Stable – Storage Implementation
Stable Storage by definition can never fail. Data from this medium cannot be lost. To design such a device (Set
of devices) we need several storage devices, which usually are disks. When we want to update data on such a
device we have to schedule writing on disks in such a way that if a failure occurs we will not have all copies
damaged. Writing to disk may result in three states:
1. Successful completion – everything went OK
2. Partial Failure – data which were written when failure occurred can be damaged
3. Total Failure – Error occurred before writing started
System has to detect failure if it occurs and call special recovery procedure to bring back consistent state. Do
achieve it we need two blocks and do writing in that order:
1. Write data to first block
2. When writing to first block was successful write to the second block
3. Return successful status if operations one and two went correct
When recovering from a failure we compare each pair of blocks. The following cases ensures either success in
writing or no change in stored data:
1. Blocks are the same and there is no detectable error – Do anything.
2. One block has detectable error – replace it with content of another.
3. There is no detectable error but blocks are different – replace first block with content of second
Adding more disks will of course increase reliability but usually only two are used.
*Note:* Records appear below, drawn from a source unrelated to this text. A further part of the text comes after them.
(* Let $\lambda\in\mathfrak{h}^*$ be integral with $\lambda+\rho$ dominant, and suppose $\Sigma=\{\alpha_{i_1},\dots,\alpha_{i_s}\}$ ($i_1<\dots<i_s$) contains no two adjacent simple roots. Identify $W^{\mathfrak{p}}$ with $\{0,1\}^n$ via LS words. (1) If $\alpha_n\notin\Sigma$, then $W^{\mathfrak{p},\Sigma}=\{d_1\dots d_n: d_{i_k}d_{i_k+1}=01 \text{ for } k=1,\dots,s\}$. (2) If $\alpha_n\in\Sigma$ (so $i_s=n$), then $W^{\mathfrak{p},\Sigma}=\{d_1\dots d_{n-1}0: d_{i_k}d_{i_k+1}=01\text{ for }k=1,\dots,s-1\}$.
   Context: Setup: $\mathfrak{g}=\mathfrak{sp}(2n,\mathbb{C})$, weights $[\lambda_1,\dots,\lambda_n]$; integral means all $\lambda_i\in\mathbb{Z}$, dominant means $\lambda_1\ge\dots\ge\lambda_n\ge 0$. Positive roots $a_{ij}=\epsilon_i-\epsilon_j$, $b_i=2\epsilon_i$, $c_{ij}=\epsilon_i+\epsilon_j$, $c_{ii}:=b_i$; simple roots $\alpha_i=\epsilon_i-\epsilon_{i+1}$ ($i<n$), $\alpha_n=2\epsilon_n$; $\rho=[n,\dots,1]$. $\mathfrak{p}$ is the parabolic with Levi containing $\alpha_1,\dots,\alpha_{n-1}$, $\Delta(\mathfrak{u})=\{c_{ij}:i\le j\}$; $\Phi_w=\{\alpha>0:w^{-1}\alpha<0\}$; $W^{\mathfrak{p}}=\{w\in W:\Phi_w\subseteq\Delta(\mathfrak{u})\}$. Simple singular roots: $\Sigma=\{\alpha\text{ simple}:\langle\lambda+\rho,\alpha^\vee\rangle=0\}$. Singular Hasse diagram: $W^{\mathfrak{p},\Sigma}=\{w\in W^{\mathfrak{p}}: w\sigma_\alpha\in W^{\mathfrak{p}}\text{ and } l(w\sigma_\alpha)>l(w)\text{ for all }\alpha\in\Sigma\}$. LS word of $w\in W^{\mathfrak{p}}$: the unique $d\in\{0,1\}^n$ with $\Phi_w=S(d)$, where for $d$ with ones exactly at positions $j_1<\dots<j_k$, $S(d)=\{c_{r,\,n+1-m}:1\le m\le k,\ j_m-m+1\le r\le n+1-m\}$. *)

theory Defs
  imports Main
begin

text \<open>Type C_n, g = sp(2n,C). Coordinates are indexed 1..n.
 Weights/roots are functions nat => int (only coordinates 1..n matter).
 Weyl group elements are signed permutations, represented as maps
 w :: int => int on the index set {-n..-1,1..n} with w(-x) = -w x,
 meaning w(eps_j) = eps_{w j} where eps_{-k} = -eps_k.\<close>

definition simple_refl :: "nat \<Rightarrow> nat \<Rightarrow> int \<Rightarrow> int" where
  "simple_refl n i = (if i < n then
      (\<lambda>x. if x = int i then int i + 1 else if x = int i + 1 then int i
           else if x = - int i then - (int i + 1) else if x = - (int i + 1) then - int i else x)
    else (\<lambda>x. if x = int n then - int n else if x = - int n then int n else x))"

definition word_elem :: "nat \<Rightarrow> nat list \<Rightarrow> int \<Rightarrow> int" where
  "word_elem n is = foldr (\<lambda>i acc. simple_refl n i \<circ> acc) is id"

definition weyl :: "nat \<Rightarrow> (int \<Rightarrow> int) set" where
  "weyl n = {word_elem n is | is. set is \<subseteq> {1..n}}"

definition len :: "nat \<Rightarrow> (int \<Rightarrow> int) \<Rightarrow> nat" where
  "len n w = (LEAST k. \<exists>is. set is \<subseteq> {1..n} \<and> length is = k \<and> word_elem n is = w)"

text \<open>Action of w^{-1} on a vector v: w^{-1} eps_k = sgn(w j) eps_j where |w j| = k.\<close>
definition inv_act :: "nat \<Rightarrow> (int \<Rightarrow> int) \<Rightarrow> (nat \<Rightarrow> int) \<Rightarrow> nat \<Rightarrow> int" where
  "inv_act n w v = (\<lambda>i. if 1 \<le> i \<and> i \<le> n then sgn (w (int i)) * v (nat \<bar>w (int i)\<bar>) else 0)"

definition root_a :: "nat \<Rightarrow> nat \<Rightarrow> nat \<Rightarrow> int" where
  "root_a i j = (\<lambda>k. (if k = i then 1 else 0) - (if k = j then 1 else 0))"

text \<open>root_c i j = eps_i + eps_j; root_c i i = 2 eps_i = b_i.\<close>
definition root_c :: "nat \<Rightarrow> nat \<Rightarrow> nat \<Rightarrow> int" where
  "root_c i j = (\<lambda>k. (if k = i then 1 else 0) + (if k = j then 1 else 0))"

definition pos_roots :: "nat \<Rightarrow> (nat \<Rightarrow> int) set" where
  "pos_roots n = {root_a i j | i j. 1 \<le> i \<and> i < j \<and> j \<le> n}
               \<union> {root_c i j | i j. 1 \<le> i \<and> i \<le> j \<and> j \<le> n}"

definition neg_roots :: "nat \<Rightarrow> (nat \<Rightarrow> int) set" where
  "neg_roots n = (\<lambda>v. (\<lambda>k. - v k)) ` pos_roots n"

definition Phi :: "nat \<Rightarrow> (int \<Rightarrow> int) \<Rightarrow> (nat \<Rightarrow> int) set" where
  "Phi n w = {\<alpha> \<in> pos_roots n. inv_act n w \<alpha> \<in> neg_roots n}"
theorem proposition3p1:
  fixes C :: "pt set" and a :: pt
  assumes "is_maximal_cap C" and "is_anchor a C"
  shows "(\<exists>S. card S = 10 \<and> (\<forall>P\<in>S. a_line a P) \<and> \<Union>S = C)
         \<and> (\<forall>p. p \<notin> C \<and> p \<noteq> a \<longrightarrow> lines_completed p C = 3)"
proof -
  have cap: "is_cap C" and max: "card quadric_cap \<le> card C"
    using assms(1) is_cap_quadric_cap by (auto simp: is_maximal_cap_def)
  let ?K = "(\<lambda>x. x - a) ` C"
  interpret K: symmetric_cap ?K by (rule symmetric_cap_translate_anchored[OF cap assms(2)])
  have card_K: "card ?K = card C" by (simp add: card_image)
  have card_C: "card C = 20" using K.card_le_20 max card_K card_quadric_cap by simp
  have "\<exists>S. card S = 10 \<and> (\<forall>P\<in>S. a_line a P) \<and> \<Union>S = C"
    using anchored_a_lines[OF assms(2)] card_C by auto
  moreover have "lines_completed p C = 3" if p: "p \<notin> C" "p \<noteq> a" for p
  proof -
    have "p - a \<notin> ?K" "p - a \<noteq> 0" using p by auto
    then have "card {x\<in>C. - p - x \<in> C} = 6"
      using K.card_add_mem_eq_6 card_K card_C card_reflection_pairs_translate[OF K.symmetric_cap_axioms]
      by simp
    then show ?thesis using lines_completed_eq_card[OF p(1)] by simp
  qed
  ultimately show ?thesis by blast
qed
end
definition mlloss_hess :: "nat \<Rightarrow> nat \<Rightarrow> rmat \<Rightarrow> rvec \<Rightarrow> rmat" where
  "mlloss_hess m K Q u = (\<lambda>a b.
     ((\<Sum>k<m. exp (mvec K Q u k) * Q k a * Q k b) * (\<Sum>k<m. exp (mvec K Q u k))
      - (\<Sum>k<m. exp (mvec K Q u k) * Q k b) * (\<Sum>k<m. exp (mvec K Q u k) * Q k a))
     / ((\<Sum>k<m. exp (mvec K Q u k)) * (\<Sum>k<m. exp (mvec K Q u k))))"

lemma partial_mlloss:
  assumes b: "b < K" and m: "0 < m"
  shows "partial (\<lambda>u. mlloss m y (mvec K Q u)) b u = mlloss_grad m K Q y u b"
proof -
  define z where "z = mvec K Q u"
  have f_eq: "(\<lambda>s. mlloss m y (mvec K Q (u(b := u b + s)))) =
     (\<lambda>s. - (\<Sum>k<m. y k * (z k + s * Q k b)) + ln (\<Sum>k<m. exp (z k + s * Q k b) * 1))"
    unfolding mlloss_def z_def by (simp add: mvec_upd_add[OF b])
  have "0 < (\<Sum>k<m. exp (z k))" using m by (intro sum_pos) auto
  have d1: "((\<lambda>s. \<Sum>k<m. y k * (z k + s * Q k b)) has_real_derivative (\<Sum>k<m. y k * Q k b)) (at 0)"
    by (rule DERIV_sum) (auto intro!: derivative_eq_intros)
  have d2: "((\<lambda>s. ln (\<Sum>k<m. exp (z k + s * Q k b) * 1)) has_real_derivative
      1 / (\<Sum>k<m. exp (z k + 0 * Q k b) * 1) * (\<Sum>k<m. exp (z k) * Q k b * 1)) (at 0)"
    by (rule DERIV_chain2[OF DERIV_ln_divide has_real_derivative_sum_exp])
       (use \<open>0 < (\<Sum>k<m. exp (z k))\<close> in simp)
  have "((\<lambda>s. mlloss m y (mvec K Q (u(b := u b + s)))) has_real_derivative mlloss_grad m K Q y u b) (at 0)"
    using DERIV_add[OF DERIV_minus[OF d1] d2] unfolding f_eq mlloss_grad_def z_def by simp
  then show ?thesis unfolding partial_def by (rule DERIV_imp_deriv)
qed

lemma hessian_mlloss:
  assumes a: "a < K" and b: "b < K" and m: "0 < m"
  shows "hessian (\<lambda>u. mlloss m y (mvec K Q u)) u a b = mlloss_hess m K Q u a b"
proof -
  define z where "z = mvec K Q u"
  have f_eq: "(\<lambda>s. mlloss_grad m K Q y (u(a := u a + s)) b) =
     (\<lambda>s. - (\<Sum>k<m. y k * Q k b) +
        (\<Sum>k<m. exp (z k + s * Q k a) * Q k b) / (\<Sum>k<m. exp (z k + s * Q k a) * 1))"
    unfolding mlloss_grad_def z_def by (simp add: mvec_upd_add[OF a])
  have "0 < (\<Sum>k<m. exp (z k + 0 * Q k a) * 1)" using m by (intro sum_pos) auto
  then have "((\<lambda>s. (\<Sum>k<m. exp (z k + s * Q k a) * Q k b) / (\<Sum>k<m. exp (z k + s * Q k a) * 1))
     has_real_derivative
       ((\<Sum>k<m. exp (z k) * Q k a * Q k b) * (\<Sum>k<m. exp (z k + 0 * Q k a) * 1)
        - (\<Sum>k<m. exp (z k + 0 * Q k a) * Q k b) * (\<Sum>k<m. exp (z k) * Q k a * 1))
       / ((\<Sum>k<m. exp (z k + 0 * Q k a) * 1) * (\<Sum>k<m. exp (z k + 0 * Q k a) * 1))) (at 0)"
    by (intro DERIV_divide has_real_derivative_sum_exp) simp
  from DERIV_add[OF DERIV_const[of "- (\<Sum>k<m. y k * Q k b)"] this]
  have "((\<lambda>s. mlloss_grad m K Q y (u(a := u a + s)) b) has_real_derivative mlloss_hess m K Q u a b) (at 0)"
    unfolding f_eq mlloss_hess_def z_def by simp
  moreover have "hessian (\<lambda>u. mlloss m y (mvec K Q u)) u a b
      = deriv (\<lambda>s. mlloss_grad m K Q y (u(a := u a + s)) b) 0"
    unfolding hessian_def partial_mlloss[OF b m] by (simp add: partial_def)
  ultimately show ?thesis by (simp add: DERIV_imp_deriv)
qed

text \<open>The variance of \<open>g\<close> under the probability weights proportional to \<open>E\<close>;
  for \<open>E = exp \<circ> z\<close> these are the softmax probabilities of the scores \<open>z\<close>.\<close>

definition weighted_var :: "nat \<Rightarrow> (nat \<Rightarrow> real) \<Rightarrow> (nat \<Rightarrow> real) \<Rightarrow> real" where
  "weighted_var m E g =
     ((\<Sum>k<m. E k * (g k)\<^sup>2) * (\<Sum>k<m. E k) - (\<Sum>k<m. E k * g k)\<^sup>2) / (\<Sum>k<m. E k)\<^sup>2"

lemma weighted_var_numerator_pairwise:
  fixes E g :: "nat \<Rightarrow> real"
  shows "2 * ((\<Sum>k<m. E k * (g k)\<^sup>2) * (\<Sum>k<m. E k) - (\<Sum>k<m. E k * g k)\<^sup>2)
           = (\<Sum>k<m. \<Sum>l<m. E k * E l * (g k - g l)\<^sup>2)"
proof -
  have "(\<Sum>k<m. \<Sum>l<m. E k * E l * (g k - g l)\<^sup>2) =
      (\<Sum>k<m. \<Sum>l<m. E k * (g k)\<^sup>2 * E l) + (\<Sum>k<m. \<Sum>l<m. E l * (g l)\<^sup>2 * E k)
      - 2 * (\<Sum>k<m. \<Sum>l<m. (E k * g k) * (E l * g l))"
    by (simp add: power2_diff sum.distrib sum_subtractf sum_distrib_left algebra_simps)
  also have "(\<Sum>k<m. \<Sum>l<m. E l * (g l)\<^sup>2 * E k) = (\<Sum>k<m. \<Sum>l<m. E k * (g k)\<^sup>2 * E l)"
    by (rule sum.swap)
  finally show ?thesis by (simp add: sum_product power2_eq_square)
qed

lemma weighted_var_nonneg:
  assumes "\<And>k. k < m \<Longrightarrow> 0 \<le> E k"
  shows "0 \<le> weighted_var m E g"
proof -
  have "0 \<le> (\<Sum>k<m. \<Sum>l<m. E k * E l * (g k - g l)\<^sup>2)"
    using assms by (intro sum_nonneg) auto
  then show ?thesis
    unfolding weighted_var_def weighted_var_numerator_pairwise[symmetric] by simp
qed

lemma weighted_var_ge:
  fixes E g :: "nat \<Rightarrow> real"
  assumes m: "0 < m" and e1: "0 < e1"
    and E_bounds: "\<And>k. k < m \<Longrightarrow> e1 \<le> E k \<and> E k \<le> e2" and g_sum: "(\<Sum>k<m. g k) = 0"
  shows "(e1 / e2)\<^sup>2 / m * (\<Sum>k<m. (g k)\<^sup>2) \<le> weighted_var m E g"
proof -
  define num where "num = (\<Sum>k<m. E k * (g k)\<^sup>2) * (\<Sum>k<m. E k) - (\<Sum>k<m. E k * g k)\<^sup>2"
  define D where "D = (\<Sum>k<m. E k)"
  have e2: "0 < e2" using E_bounds[OF m] e1 by linarith
  have "e1\<^sup>2 * (\<Sum>k<m. \<Sum>l<m. (g k - g l)\<^sup>2) \<le> (\<Sum>k<m. \<Sum>l<m. E k * E l * (g k - g l)\<^sup>2)"
    unfolding sum_distrib_left
  proof (intro sum_mono)
    fix k l assume "k \<in> {..<m}" "l \<in> {..<m}"
    then have "e1 * e1 \<le> E k * E l" using E_bounds[of k] E_bounds[of l] e1 by (intro mult_mono) auto
    then show "e1\<^sup>2 * (g k - g l)\<^sup>2 \<le> E k * E l * (g k - g l)\<^sup>2"
      by (simp add: power2_eq_square mult_right_mono)
  qed
  also have "(\<Sum>k<m. \<Sum>l<m. (g k - g l)\<^sup>2) = 2 * (real m * (\<Sum>k<m. (g k)\<^sup>2))"
    using weighted_var_numerator_pairwise[of "\<lambda>_. 1" g m] g_sum by (simp add: mult.commute)
  finally have num_ge: "e1\<^sup>2 * real m * (\<Sum>k<m. (g k)\<^sup>2) \<le> num"
    unfolding num_def weighted_var_numerator_pairwise[symmetric] by (simp add: mult_ac)
  have "0 < D" unfolding D_def using m E_bounds e1 by (intro sum_pos) force+
  moreover have "D \<le> real m * e2"
    unfolding D_def using sum_mono[of "{..<m}" E "\<lambda>_. e2"] E_bounds by simp
  ultimately have "D\<^sup>2 \<le> (real m * e2)\<^sup>2" by (intro power_mono) auto
  have "(e1 / e2)\<^sup>2 / m * (\<Sum>k<m. (g k)\<^sup>2) = e1\<^sup>2 * real m * (\<Sum>k<m. (g k)\<^sup>2) / (real m * e2)\<^sup>2"
    using m e2 by (simp add: field_simps power2_eq_square)
  also have "\<dots> \<le> num / D\<^sup>2"
  proof (rule frac_le)
    show "0 \<le> num" using num_ge by (smt (verit) mult_nonneg_nonneg of_nat_0_le_iff sum_nonneg zero_le_power2)
  qed (use num_ge \<open>0 < D\<close> \<open>D\<^sup>2 \<le> (real m * e2)\<^sup>2\<close> in auto)
  finally show ?thesis unfolding weighted_var_def num_def D_def .
qed

lemma quad_mlloss_hess:
  "quad K (mlloss_hess m K Q u) w = weighted_var m (\<lambda>k. exp (mvec K Q u k)) (mvec K Q w)"
proof -
  define E where "E = (\<lambda>k. exp (mvec K Q u k))"
  define D where "D = (\<Sum>k<m. E k)"
  define T where "T = (\<lambda>a b. \<Sum>k<m. E k * Q k a * Q k b)"
  define N where "N = (\<lambda>a. \<Sum>k<m. E k * Q k a)"
  have H: "mlloss_hess m K Q u = (\<lambda>a b. (T a b * D - N b * N a) / (D * D))"
    unfolding mlloss_hess_def T_def N_def D_def E_def ..
  have "quad K (mlloss_hess m K Q u) w
      = (\<Sum>a<K. \<Sum>b<K. (w a * w b * T a b * D - (w a * N a) * (w b * N b)) / (D * D))"
    unfolding quad_def H by (intro sum.cong refl) (simp add: field_simps)
  also have "\<dots> = ((\<Sum>a<K. \<Sum>b<K. w a * w b * T a b) * D
      - (\<Sum>a<K. \<Sum>b<K. (w a * N a) * (w b * N b))) / (D * D)"
    by (simp add: sum_divide_distrib[symmetric] sum_subtractf sum_distrib_right)
  also have "(\<Sum>a<K. \<Sum>b<K. (w a * N a) * (w b * N b)) = (\<Sum>a<K. w a * N a) * (\<Sum>b<K. w b * N b)"
    by (simp add: sum_product)
  also have "(\<Sum>a<K. \<Sum>b<K. w a * w b * T a b) = (\<Sum>k<m. E k * (mvec K Q w k)\<^sup>2)"
    unfolding T_def mvec_def power2_eq_square sum_product sum_distrib_left
    by (subst sum.swap, rule sum.cong[OF refl], subst sum.swap) (simp add: sum_distrib_left mult_ac)
  also have "(\<Sum>a<K. w a * N a) = (\<Sum>k<m. E k * mvec K Q w k)"
    unfolding N_def mvec_def sum_distrib_left by (subst sum.swap) (simp add: mult_ac)
  finally show ?thesis
    unfolding weighted_var_def D_def E_def by (simp add: power2_eq_square)
qed

lemma quad_cong_entries:
  "(\<And>a b. a < n \<Longrightarrow> b < n \<Longrightarrow> A a b = B a b) \<Longrightarrow> quad n A v = quad n B v"
  unfolding quad_def by (intro sum.cong refl) auto

lemma quad_hessian_mlloss:
  assumes "0 < m"
  shows "quad K (hessian (\<lambda>u. mlloss m y (mvec K Q u)) u) w
           = weighted_var m (\<lambda>k. exp (mvec K Q u k)) (mvec K Q w)"
  using assms by (simp add: quad_cong_entries[OF hessian_mlloss] quad_mlloss_hess)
Tertiary – Storage Structure
Tertiary storage is build with removable media such as diskettes and CD-ROMs. So tertiary storage devices are
floppy disk drives, CD, DVD drives. We all know basically how those devices work, so what is worth
mentioning is the technologies of future in this are, especially holographic storage. It uses laser light but in a
different way that today’s CDs, DVDs, so that in one flash of light extremely great amount of data can be
written to special media.
Removable media is mostly handles similarly to non-removable. When it is inserted it needs to be formatted,
and file system is generated. It is different with tape drives, where system presents it as raw medium. Program
does not open files on tape, it opens whole device. Tape drives are usually reserved for only one application at
time because of its long seek time. It may also be a problem to read data from tape since program making
backup of system manages files in its own way. Other program may do it differently and it will not be able to
read this backup. Also updating backup on tape is problematic since writing something in the middle of tape
will make all data after this point unreadable!
Lessons learned
Harish:
After starting to write my part of the deliverable, I found that it is very difficult to express all the concepts and
my viewpoints in such a concise manner (to fit the page limit which we overshoot last time too), and to do this
without losing much detail, it’s even more a tough job to do! Anyway, I've tried my best to explain as much as I
can within the page limit recommended. Hope you'll like it Anna :)
Andrew:
I think that the new system of having things done well before deadline has worked well...I felt much less
stressed not having to be up all night doing assignments and was pleased to have it done by midnight
Rickard:
I have also had big problems describing the subjects without exceeding the length limit. I think that the quality
of my work is not what it could have been, because I could not get the core of the subject covered and still
explain how it works. I also got a bit disappointed on the book, because I think that it didn’t cover some
essential parts enough, like the usage of STREAMS. Like Andrew, I am pleased we started off earlier this time.